Poster: Patrick Hopkins
Post title: Here's the answer
I wasn't able to find an answer to this problem on the web but I did figure it out for myself so I thought I'd share the solution here (even though it's been about 2 years since the original post) because I'm pretty sure others will have this problem.
A few points to start with:
Now let's fix the problem. I'll be explaining from a Windows point of view. For other OSs you'll have to adapt.
memoQ files (like those of other CAT tools) are basically XML files in text format so rather easy to manipulate if there are problems. You just have to know what to look for.

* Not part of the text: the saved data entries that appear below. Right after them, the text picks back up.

lemma bounded_linear_vec_lambda:
  fixes f :: "'i::finite \<Rightarrow> 'a::real_normed_vector \<Rightarrow> 'b::real_normed_vector"
  assumes "\<And>i. bounded_linear (f i)"
  shows "bounded_linear (\<lambda>x. \<chi> i. f i x)"
proof -
  have "\<forall>i. \<exists>K. \<forall>x. norm (f i x) \<le> norm x * K"
    using assms bounded_linear.bounded by blast
  then obtain K where K: "\<And>i x. norm (f i x) \<le> norm x * K i" by metis
  show ?thesis
  proof (rule bounded_linear_intro[where K="\<Sum>i\<in>UNIV. K i"])
    fix x y :: 'a and r :: real
    show "(\<chi> i. f i (x + y)) = (\<chi> i. f i x) + (\<chi> i. f i y)"
      using assms by (simp add: vec_eq_iff linear_add bounded_linear.linear)
    show "(\<chi> i. f i (r *\<^sub>R x)) = r *\<^sub>R (\<chi> i. f i x)"
      using assms by (simp add: vec_eq_iff linear_scale bounded_linear.linear)
    have "norm (\<chi> i. f i x) \<le> (\<Sum>i\<in>UNIV. norm (f i x))"
      unfolding norm_vec_def by (rule order_trans[OF L2_set_le_sum]) simp_all
    also have "\<dots> \<le> (\<Sum>i\<in>UNIV. norm x * K i)"
      by (rule sum_mono) (rule K)
    finally show "norm (\<chi> i. f i x) \<le> norm x * (\<Sum>i\<in>UNIV. K i)"
      by (simp add: sum_distrib_left)
  qed
qed

lemma bounded_linear_matrix_vector_mult_left:
  "bounded_linear (\<lambda>N::complex^'n::finite^'m::finite. N *v x)"
proof -
  have "linear (\<lambda>N::complex^'n^'m. N *v x)"
    by (rule linearI) (simp_all add: vec_eq_iff matrix_vector_mult_def
        sum.distrib scaleR_sum_right algebra_simps)
  then show ?thesis by (simp add: linear_conv_bounded_linear)
qed

definition lin_op_of_matrix :: "complex^'n::finite^'n \<Rightarrow> 'n lin_op" where
  "lin_op_of_matrix N = Abs_lin_op (Blinfun (\<lambda>x. N *v x))"

definition matrix_of_lin_op :: "'n::finite lin_op \<Rightarrow> complex^'n^'n" where
  "matrix_of_lin_op L = (\<chi> i j. blinfun_apply (rep_lin_op L) (axis j 1) $ i)"

lemma apply_lin_op_of_matrix: "blinfun_apply (rep_lin_op (lin_op_of_matrix N)) x = N *v x"
  by (simp add: lin_op_of_matrix_def Abs_lin_op_inverse bounded_linear_Blinfun_apply)

lemma lin_op_of_matrix_mult: "lin_op_of_matrix (N ** K) = lin_op_of_matrix N * lin_op_of_matrix K"
  by (rule lin_op_eqI)
    (simp add: apply_lin_op_of_matrix times_lin_op.rep_eq matrix_vector_mul_assoc)

lemma lin_op_of_matrix_pow: "lin_op_of_matrix (mat_pow N k) = lin_op_of_matrix N ^ k"
proof (induction k)
  case 0
  show ?case by (rule lin_op_eqI) (simp add: apply_lin_op_of_matrix one_lin_op.rep_eq)
next
  case (Suc k)
  then show ?case by (simp add: lin_op_of_matrix_mult)
qed

lemma lin_op_of_matrix_scaleR: "lin_op_of_matrix (r *\<^sub>R N) = r *\<^sub>R lin_op_of_matrix N"
  by (rule lin_op_eqI) (simp add: apply_lin_op_of_matrix scaleR_lin_op.rep_eq vec_eq_iff
      matrix_vector_mult_def scaleR_sum_right blinfun.scaleR_left)

lemma bounded_linear_matrix_of_lin_op: "bounded_linear matrix_of_lin_op"
  unfolding matrix_of_lin_op_def
  by (intro bounded_linear_vec_lambda
      bounded_linear_compose[OF bounded_linear_vec_nth bounded_linear_apply_lin_op])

If your memoQ file is zipped (i.e. extension ends in "z") then right click on it and "Open archive" with 7-Zip. You will see one or more files. Extract the one that ends in the extension .mqxliff to your desktop (it's probably named document.mqxliff).
Right click the extracted file and open it with Notepad++ or some other text editor. You should be able to read the text clearly as it is in XML format. If you see random letters and codes then the file is compressed/zipped, so you'll need to close the file and uncompress it as explained above.
Use the key combination Ctrl-G to go to the Line Number specified by the memoQ error.
You will see that the XML file basically has a few lines for each segment, but the ones that interest us are those for the source and the target. Following is an example (using square brackets [] here otherwise the lines won't be reproduced correctly in this message):
[source xml:space="preserve" mq:segpart="1842" mq:hasfollowingobject="hasfollowingobject"][bpt id="1" ctype="bold"]{}[/bpt][bpt id="1" rid="1"][/bpt][bpt id="3" rid="2"][/bpt]Informazioni relative agli strumenti finanziari derivati ex art. 2427-bis del Codice Civile[ept id="4" rid="2"][/ept][ept id="5" rid="1"][/ept][ept id="1"]{}[/ept][/source]
[target xml:space="preserve"][bpt id="1" ctype="bold"]{}[/bpt][bpt id="1" rid="1"][/bpt][bpt id="3" rid="2"][/bpt]Information on derivative financial instruments pursuant to art. 2427-bis of the Italian Civil Code[ept id="4" rid="2"][/ept][ept id="5" rid="1"][/ept][ept id="1"]{}[/ept][/target]
I've bolded the source and target lines which refer to the two parts of the segment (in this case Italian and English). The bpt tags are used to add the bold, italics etc., and each bpt is given an ID number (id="1", id="2" etc.). Ideally, the tags are repeated in both the source and the target so what's italic in the source is also italic in the target.
So where's the error?
On a few different occasions the file generated by memoQ itself (!) created an error by giving the same ID number to two bpt tags in the same line. In fact, if you look at my example lines above, you'll see that in both the source and the target id="1" was given twice in each (I've bolded the second "1" in each line). You can see that the bpt tags in the source and target are id=1, id=1, id=3, id=4. That's your error, there are two id's with 1. All you need to do is change the second "1" to a "2" (making sure there aren't any other "2"s in the line) in both the source and the target.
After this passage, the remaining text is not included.